[Material to process Boundary: Start]

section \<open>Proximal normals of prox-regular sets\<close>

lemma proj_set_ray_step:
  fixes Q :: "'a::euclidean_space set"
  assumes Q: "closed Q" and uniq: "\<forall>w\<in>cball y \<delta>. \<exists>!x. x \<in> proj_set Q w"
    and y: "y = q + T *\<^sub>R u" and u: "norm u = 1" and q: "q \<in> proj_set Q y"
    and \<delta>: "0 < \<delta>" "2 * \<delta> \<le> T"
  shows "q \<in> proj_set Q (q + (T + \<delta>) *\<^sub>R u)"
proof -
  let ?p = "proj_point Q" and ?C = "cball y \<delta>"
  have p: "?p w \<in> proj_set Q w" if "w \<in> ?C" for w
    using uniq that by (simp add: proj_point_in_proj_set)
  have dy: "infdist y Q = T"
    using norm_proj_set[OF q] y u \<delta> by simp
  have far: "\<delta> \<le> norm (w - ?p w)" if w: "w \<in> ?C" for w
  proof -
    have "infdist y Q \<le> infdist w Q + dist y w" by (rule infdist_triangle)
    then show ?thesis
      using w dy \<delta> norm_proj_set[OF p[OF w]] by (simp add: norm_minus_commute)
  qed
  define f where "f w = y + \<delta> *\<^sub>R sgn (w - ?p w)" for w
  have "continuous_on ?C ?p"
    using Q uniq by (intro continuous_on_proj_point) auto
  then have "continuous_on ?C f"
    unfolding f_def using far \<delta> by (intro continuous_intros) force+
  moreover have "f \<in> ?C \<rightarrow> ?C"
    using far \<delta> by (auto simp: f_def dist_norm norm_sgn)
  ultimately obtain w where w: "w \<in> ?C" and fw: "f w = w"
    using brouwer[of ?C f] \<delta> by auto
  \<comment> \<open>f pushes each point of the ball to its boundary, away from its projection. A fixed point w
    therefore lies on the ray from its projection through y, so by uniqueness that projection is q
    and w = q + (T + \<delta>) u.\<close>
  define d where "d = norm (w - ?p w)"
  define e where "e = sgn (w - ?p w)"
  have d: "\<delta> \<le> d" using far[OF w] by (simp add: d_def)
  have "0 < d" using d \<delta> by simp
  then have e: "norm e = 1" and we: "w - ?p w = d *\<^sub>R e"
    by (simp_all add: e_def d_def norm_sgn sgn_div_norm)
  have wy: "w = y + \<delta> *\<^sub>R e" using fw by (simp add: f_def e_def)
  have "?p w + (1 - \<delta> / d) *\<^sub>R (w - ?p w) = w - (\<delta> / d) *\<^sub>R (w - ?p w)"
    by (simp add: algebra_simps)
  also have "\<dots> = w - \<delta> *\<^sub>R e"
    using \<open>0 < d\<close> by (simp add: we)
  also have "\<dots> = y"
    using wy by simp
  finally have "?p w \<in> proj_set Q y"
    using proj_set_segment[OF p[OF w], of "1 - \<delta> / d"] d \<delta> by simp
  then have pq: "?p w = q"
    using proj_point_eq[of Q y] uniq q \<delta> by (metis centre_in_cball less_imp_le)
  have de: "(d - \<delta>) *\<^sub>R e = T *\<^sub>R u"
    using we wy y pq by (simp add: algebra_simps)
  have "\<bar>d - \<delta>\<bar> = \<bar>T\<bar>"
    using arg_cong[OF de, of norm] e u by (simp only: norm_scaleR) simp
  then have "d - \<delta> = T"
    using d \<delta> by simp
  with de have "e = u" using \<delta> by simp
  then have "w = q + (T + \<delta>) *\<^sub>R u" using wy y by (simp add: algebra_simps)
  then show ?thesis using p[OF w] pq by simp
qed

[Material to process Boundary: End]
[Material to process Boundary: Start]

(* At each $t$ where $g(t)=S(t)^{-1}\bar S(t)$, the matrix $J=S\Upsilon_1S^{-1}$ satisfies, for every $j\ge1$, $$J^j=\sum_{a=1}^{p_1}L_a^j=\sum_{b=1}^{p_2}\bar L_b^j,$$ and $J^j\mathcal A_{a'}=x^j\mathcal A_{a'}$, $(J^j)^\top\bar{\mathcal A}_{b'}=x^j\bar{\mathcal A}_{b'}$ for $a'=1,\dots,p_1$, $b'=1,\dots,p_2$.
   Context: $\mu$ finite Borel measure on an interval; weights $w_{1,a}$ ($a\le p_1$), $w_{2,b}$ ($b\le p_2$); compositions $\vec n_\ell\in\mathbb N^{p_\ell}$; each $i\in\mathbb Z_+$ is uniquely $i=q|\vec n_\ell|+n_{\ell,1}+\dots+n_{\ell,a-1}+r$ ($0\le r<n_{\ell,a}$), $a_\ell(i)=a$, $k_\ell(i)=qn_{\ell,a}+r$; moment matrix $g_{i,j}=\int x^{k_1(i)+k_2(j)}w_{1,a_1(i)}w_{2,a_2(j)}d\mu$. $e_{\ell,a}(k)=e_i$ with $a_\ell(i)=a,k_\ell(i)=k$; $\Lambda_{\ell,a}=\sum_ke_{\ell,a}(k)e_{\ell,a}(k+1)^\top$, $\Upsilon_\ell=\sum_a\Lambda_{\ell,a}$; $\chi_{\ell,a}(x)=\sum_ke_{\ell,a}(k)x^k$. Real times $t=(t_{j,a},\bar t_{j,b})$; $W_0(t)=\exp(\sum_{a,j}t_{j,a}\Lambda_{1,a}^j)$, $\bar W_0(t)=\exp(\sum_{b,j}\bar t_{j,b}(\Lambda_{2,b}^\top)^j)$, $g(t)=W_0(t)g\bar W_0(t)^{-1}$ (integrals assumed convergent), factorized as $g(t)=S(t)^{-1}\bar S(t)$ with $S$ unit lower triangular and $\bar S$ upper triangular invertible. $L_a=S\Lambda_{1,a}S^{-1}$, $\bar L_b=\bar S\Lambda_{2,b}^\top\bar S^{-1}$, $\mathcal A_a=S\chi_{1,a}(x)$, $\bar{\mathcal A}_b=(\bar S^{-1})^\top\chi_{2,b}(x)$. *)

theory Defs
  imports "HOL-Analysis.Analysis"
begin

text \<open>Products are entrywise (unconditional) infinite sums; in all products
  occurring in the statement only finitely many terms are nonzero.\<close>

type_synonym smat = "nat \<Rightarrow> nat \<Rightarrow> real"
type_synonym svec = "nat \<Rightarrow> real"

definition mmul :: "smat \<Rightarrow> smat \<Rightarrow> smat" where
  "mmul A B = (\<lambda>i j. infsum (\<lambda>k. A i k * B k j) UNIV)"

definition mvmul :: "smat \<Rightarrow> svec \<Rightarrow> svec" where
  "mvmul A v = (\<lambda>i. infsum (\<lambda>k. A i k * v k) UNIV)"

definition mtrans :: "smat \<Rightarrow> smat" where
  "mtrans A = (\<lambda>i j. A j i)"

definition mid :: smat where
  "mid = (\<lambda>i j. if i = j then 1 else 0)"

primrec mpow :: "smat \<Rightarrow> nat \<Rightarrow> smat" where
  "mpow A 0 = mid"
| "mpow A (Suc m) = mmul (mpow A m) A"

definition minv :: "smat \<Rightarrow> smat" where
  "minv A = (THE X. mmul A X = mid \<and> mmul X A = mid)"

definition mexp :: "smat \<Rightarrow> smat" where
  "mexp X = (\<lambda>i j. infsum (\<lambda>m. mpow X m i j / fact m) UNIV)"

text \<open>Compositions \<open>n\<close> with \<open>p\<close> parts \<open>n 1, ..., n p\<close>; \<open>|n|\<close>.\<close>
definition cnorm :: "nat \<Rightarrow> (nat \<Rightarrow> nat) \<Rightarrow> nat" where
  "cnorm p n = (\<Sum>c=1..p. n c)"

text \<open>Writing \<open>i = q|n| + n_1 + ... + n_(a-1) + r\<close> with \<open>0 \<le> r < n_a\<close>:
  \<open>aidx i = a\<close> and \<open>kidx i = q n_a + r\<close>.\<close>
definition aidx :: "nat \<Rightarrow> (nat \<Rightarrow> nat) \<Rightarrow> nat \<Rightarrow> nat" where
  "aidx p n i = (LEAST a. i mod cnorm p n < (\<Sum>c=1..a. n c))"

[Material to process Boundary: End]

▶ [What to work on]:
List every line above containing the word "aidx".

▶ [Exercise solution]:
  \<open>aidx i = a\<close> and \<open>kidx i = q n_a + r\<close>.\<close>
definition aidx :: "nat \<Rightarrow> (nat \<Rightarrow> nat) \<Rightarrow> nat \<Rightarrow> nat" where
  "aidx p n i = (LEAST a. i mod cnorm p n < (\<Sum>c=1..a. n c))"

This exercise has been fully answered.